In the realm of AI solutions, from simple applications to advanced agentic workflows, a key differentiator for companies successfully deploying reliable AI in production has been the adoption of a test-driven development (TDD) approach [00:00:10] [00:00:18]. This methodology enables the creation of stronger and more reliable systems for production [00:00:22].

Evolution of AI Development

Around 2023, many AI wrappers were being built, and questions arose about their defensibility strategy [00:00:44] [00:00:50]. However, the field progressed significantly, as exemplified by Cursor AI, an AI-powered IDE that achieved 100 million ARR in just 12 months [00:00:54] [01:00:59]. This rapid growth was attributed to several factors:

Models improved at coding [00:01:11].
AI adoption skyrocketed [00:01:14].
Coding was an obvious target for AI disruption [00:01:17].
Crucially, new techniques and patterns emerged for orchestrating models to work better with data and effectively in production [00:01:26].

These techniques became vital due to inherent limitations in model performance, such as hallucinations and overfitting [00:01:38]. While model providers have shipped better tooling, significant leaps in model performance, like the jump from GPT-3.5 to GPT-4, have slowed down [00:01:47]. For years, making models bigger and feeding them more data made them smarter, but this approach hit a wall, with improvements slowing down and models reaching limits on existing tasks [00:02:01].

However, new training methods have emerged, pushing the field forward [00:02:38]. For example, the DeepSeek-R1 model was trained using real reinforcement learning, meaning it learned autonomously without labeled data [00:02:42]. This method is reportedly used by OpenAI for their reasoning models (e.g., O1, O3), which employ Chain of Thought thinking at inference time to enable complex reasoning [00:02:57]. Model providers are also adding more capabilities, such as tool usage, research capabilities, and near-perfect OCR accuracy (e.g., Gemini 2.0 Flash) [00:03:24].
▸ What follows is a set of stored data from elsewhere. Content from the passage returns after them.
lemma defset_shift:
  assumes "defset M m B E"
  shows "defset M (n + m) B {as @ bs | as bs. length as = n \<and> bs \<in> E}"
proof -
  obtain \<phi> where \<phi>: "params \<phi> \<subseteq> B" "fv \<phi> \<subseteq> {..<m}"
    and E: "E = {bs. length bs = m \<and> sat M (\<lambda>i. bs ! i) \<phi>}"
    using assms unfolding defset_def by blast
  define \<psi> where "\<psi> = rename (\<lambda>i. i + n) \<phi>"
  have inj: "inj (\<lambda>i::nat. i + n)"
    by (simp add: inj_def)
  have "{as @ bs | as bs. length as = n \<and> bs \<in> E} =
      {as @ bs | as bs. length as = n \<and> length bs = m \<and> sat M (\<lambda>i. bs ! i) \<phi>}"
    using E by auto
  also have "\<dots> = {cs. length cs = n + m \<and> sat M (\<lambda>i. drop n cs ! i) \<phi>}"
    by (rule append_set_eq_take_drop)
  also have "\<dots> = {cs. length cs = n + m \<and> sat M (\<lambda>i. cs ! i) \<psi>}"
    unfolding \<psi>_def sat_rename[OF inj] by (auto simp: comp_def add.commute)
  finally show ?thesis
    using \<phi> unfolding defset_def
    by (intro exI[of _ \<psi>]) (auto simp: \<psi>_def fv_rename[OF inj] params_rename)
qed

lemma keisler_nonneg: "keisler M k B \<mu> \<Longrightarrow> defset M k B D \<Longrightarrow> 0 \<le> \<mu> D"
  unfolding keisler_def by blast

lemma keisler_all: "keisler M k B \<mu> \<Longrightarrow> \<mu> {cs. length cs = k} = 1"
  unfolding keisler_def by blast

lemma keisler_Un: "keisler M k B \<mu> \<Longrightarrow> defset M k B D \<Longrightarrow> defset M k B E \<Longrightarrow>
    D \<inter> E = {} \<Longrightarrow> \<mu> (D \<union> E) = \<mu> D + \<mu> E"
  unfolding keisler_def by blast

lemma keisler_Int_Diff:
  assumes "keisler M k B \<mu>" "defset M k B D" "defset M k B E"
  shows "\<mu> D = \<mu> (D \<inter> E) + \<mu> (D - E)"
proof -
  have "\<mu> ((D \<inter> E) \<union> (D - E)) = \<mu> (D \<inter> E) + \<mu> (D - E)"
    using assms by (intro keisler_Un defset_Int defset_Diff) auto
  then show ?thesis
    by (simp add: Un_Diff_Int Un_commute)
qed

lemma keisler_Int_full:
  assumes \<mu>: "keisler M k B \<mu>" and D: "defset M k B D" and G: "defset M k B G"
    and full: "\<mu> G = 1"
  shows "\<mu> D = \<mu> (D \<inter> G)"
proof -
  let ?U = "{cs. length cs = k}"
  have U: "defset M k B ?U"
    by (rule defset_all)
  have "\<mu> (?U - G) = 0"
    using keisler_Int_Diff[OF \<mu> U G] keisler_all[OF \<mu>] full defset_length[OF G]
    by (simp add: Int_absorb1)
  moreover have "(?U - G) \<inter> D = D - G"
    using defset_length[OF D] by auto
  then have "\<mu> (?U - G) = \<mu> (D - G) + \<mu> (?U - G - D)"
    using keisler_Int_Diff[OF \<mu> defset_Diff[OF U G] D] by simp
  moreover have "0 \<le> \<mu> (D - G)" "0 \<le> \<mu> (?U - G - D)"
    using keisler_nonneg[OF \<mu>] D G U by (auto intro: defset_Diff)
  ultimately have "\<mu> (D - G) = 0"
    by linarith
  then show ?thesis
    using keisler_Int_Diff[OF \<mu> D G] by simp
qed

lemma deffun_length: "deffun M n m A f \<Longrightarrow> length as = n \<Longrightarrow> length (f as) = m"
  unfolding deffun_def by blast
(* Let $X,Y$ be real Banach spaces and let $H$ be a closed subspace of $L(X,Y)$ with $X^*\otimes Y\subseteq H$ such that $H$ has octahedral norm. Assume that the norm of $Y$ is non-rough. Then $X^*$ has octahedral norm.
   Context: The norm of a Banach space $Z$ is octahedral if for every finite-dimensional subspace $E$ and $\varepsilon>0$ there is $y\in S_Z$ with $\|x+\lambda y\|\ge(1-\varepsilon)(\|x\|+|\lambda|)$ for all $x\in E$, scalars $\lambda$. For $u\in S_Z$, $\eta(Z,u)=\limsup_{\|h\|\to0}\frac{\|u+h\|+\|u-h\|-2}{\|h\|}$. $Z$ is $\varepsilon$-rough if $\eta(Z,u)\ge\varepsilon$ for every $u\in S_Z$; the norm is rough if $\varepsilon$-rough for some $\varepsilon>0$, non-rough otherwise. $X^*\otimes Y$ is the space of finite-rank operators spanned by $x\mapsto x^*(x)y$. *)

theory Defs
  imports "HOL-Analysis.Analysis"
begin

definition fin_dim_subspace :: "'a::real_vector set \<Rightarrow> bool" where
  "fin_dim_subspace E \<longleftrightarrow> subspace E \<and> (\<exists>B. finite B \<and> span B = E)"

text \<open>Octahedral norm of the normed space Z (given as a linear subspace of an
  ambient normed space, with the induced norm).\<close>
definition octahedral_on :: "'a::real_normed_vector set \<Rightarrow> bool" where
  "octahedral_on Z \<longleftrightarrow>
     (\<forall>E \<epsilon>. fin_dim_subspace E \<and> E \<subseteq> Z \<and> \<epsilon> > 0 \<longrightarrow>
        (\<exists>y\<in>Z. norm y = 1 \<and>
           (\<forall>x\<in>E. \<forall>t::real. norm (x + t *\<^sub>R y) \<ge> (1 - \<epsilon>) * (norm x + \<bar>t\<bar>))))"
lemma poincare_square_horizontal:
  fixes f f1 :: "real \<times> real \<Rightarrow> real"
  assumes cf: "continuous_on UNIV f" and cf1: "continuous_on UNIV f1"
    and d1: "\<And>x1 x2. ((\<lambda>s. f (s,x2)) has_real_derivative f1 (x1,x2)) (at x1)"
    and r: "r > 0"
  shows "integral (cbox (a,b) (a+r,b+r))
             (\<lambda>x. (row_average f b r (fst x) - integral (cbox (a,b) (a+r,b+r)) f / r\<^sup>2)\<^sup>2)
           \<le> r\<^sup>2 * integral (cbox (a,b) (a+r,b+r)) (\<lambda>x. (f1 x)\<^sup>2)"
proof -
  let ?h = "row_average f b r" and ?h' = "row_average f1 b r"
  define m where "m = integral (cbox (a,b) (a+r,b+r)) f / r\<^sup>2"
  have ch': "continuous_on UNIV ?h'" by (rule continuous_on_row_average[OF cf1])
  have m_eq: "m = integral {a..a+r} ?h / (a + r - a)"
    unfolding m_def integral_square_row_average[OF cf r] using r by (simp add: power2_eq_square)
  have "integral (cbox (a,b) (a+r,b+r)) (\<lambda>x. (?h (fst x) - m)\<^sup>2)
      = r * integral {a..a+r} (\<lambda>x. (?h x - m)\<^sup>2)"
    by (subst integral_cbox_iterated)
      (use r in \<open>auto intro!: continuous_intros continuous_on_compose2[OF continuous_on_row_average[OF cf]]\<close>)
  also have "\<dots> \<le> r * (r\<^sup>2 * integral {a..a+r} (\<lambda>x. (?h' x)\<^sup>2))"
  proof -
    have "integral {a..a+r} (\<lambda>x. (?h x - integral {a..a+r} ?h / (a + r - a))\<^sup>2)
           \<le> (a + r - a)\<^sup>2 * integral {a..a+r} (\<lambda>x. (?h' x)\<^sup>2)"
      using r by (intro poincare_interval continuous_on_subset[OF ch']
          has_real_derivative_row_average[OF cf cf1 d1]) auto
    then show ?thesis unfolding m_eq using r by (intro mult_left_mono) auto
  qed
  also have "\<dots> \<le> r * (r\<^sup>2 * integral {a..a+r} (\<lambda>x. integral {b..b+r} (\<lambda>y. (f1 (x,y))\<^sup>2) / r))"
  proof -
    have "integral {a..a+r} (\<lambda>x. (?h' x)\<^sup>2) \<le> integral {a..a+r} (\<lambda>x. integral {b..b+r} (\<lambda>y. (f1 (x,y))\<^sup>2) / r)"
    proof (rule integral_le)
      show "(\<lambda>x. (?h' x)\<^sup>2) integrable_on {a..a+r}"
        by (intro integrable_continuous_interval continuous_intros continuous_on_subset[OF ch']) auto
      show "(\<lambda>x. integral {b..b+r} (\<lambda>y. (f1 (x,y))\<^sup>2) / r) integrable_on {a..a+r}"
        by (intro integrable_on_mult_left[where c="1/r", simplified] integrable_inner_integral
            continuous_intros cf1)
      fix x
      have "(integral {b..b+r} (\<lambda>y. f1 (x,y)))\<^sup>2 \<le> (b + r - b) * integral {b..b+r} (\<lambda>y. (f1 (x,y))\<^sup>2)"
        using r by (intro square_integral_le_interval continuous_on_subset[OF continuous_on_slices(1)[OF cf1]]) auto
      then show "(?h' x)\<^sup>2 \<le> integral {b..b+r} (\<lambda>y. (f1 (x,y))\<^sup>2) / r"
        unfolding row_average_def using r by (simp add: power_divide power2_eq_square field_simps)
    qed
    then show ?thesis using r by (intro mult_left_mono) auto
  qed
  also have "\<dots> = r\<^sup>2 * integral (cbox (a,b) (a+r,b+r)) (\<lambda>x. (f1 x)\<^sup>2)"
  proof -
    have "integral (cbox (a,b) (a+r,b+r)) (\<lambda>x. (f1 x)\<^sup>2)
        = integral {a..a+r} (\<lambda>x. integral {b..b+r} (\<lambda>y. (f1 (x,y))\<^sup>2))"
      by (intro integral_cbox_iterated continuous_intros cf1)
    then show ?thesis using r by (simp add: power2_eq_square)
  qed
  finally show ?thesis unfolding m_def .
qed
As traditional benchmarks become saturated, new ones are being introduced to capture the performance of these reasoning models, like the Humanities Last Exam, which measures performance on difficult tasks [00:03:41].

Beyond just model improvements, success in production AI products is increasingly about how systems are built around the models [00:04:10]. This has led to the evolution of several techniques:

Prompting: Advanced techniques like Chain of Thought for better model interaction [00:04:25].
Retrieval Augmented Generation (RAG): Grounding model responses with proprietary data [00:04:31].
Memory: Essential for multi-threaded conversations and long context from models [00:04:42].
Graph RAG: Experimentation with hierarchy of responses [00:04:54].
Agentic RAG: Combining reasoning models with RAG for more powerful workflows [00:05:12].

However, even with these techniques, deep understanding of the problem and a test-driven development approach are necessary to find the right mix of techniques, models, and logic for a specific use case [00:05:22].

The Test-Driven Development Approach in AI

The most effective AI teams follow a structured TDD approach [00:05:48]:

Experiment: Explore initial concepts and proofs of concept [00:05:52].
Evaluate: Rigorously test and refine the system [00:05:54].
Scale: Prepare for handling larger loads [00:05:54].
Deploy: Roll out the solution to production [00:05:57].
Monitor, Observe, and Improve: Continuously capture responses and feedback from production to refine the product [00:06:01].

Stages of TDD in AI

1. Experimentation

Before building anything production-grade, extensive experimentation is crucial to prove that AI models can solve the specific use case [00:06:14].

Try different prompting techniques: Explore few-shot, Chain of Thought, or prompt chaining, splitting instructions into multiple prompts for better results [00:06:23].
Adopt agentic workflows: Techniques like React, which involve planning, reasoning, and refining before generating an answer [00:06:41].
Involve domain experts: Engineers should not be the sole prompt tweakers; domain experts can save significant engineering time by validating proofs of concept [00:06:53].
Stay model agnostic: Incorporate and test different models to identify which ones perform best for specific use cases (e.g., Gemini 2.0 Flash for OCR) [00:07:13].

2. Evaluation

Once a proof of concept is established, the evaluation stage involves creating a dataset of hundreds of examples to test models and workflows against [00:07:55].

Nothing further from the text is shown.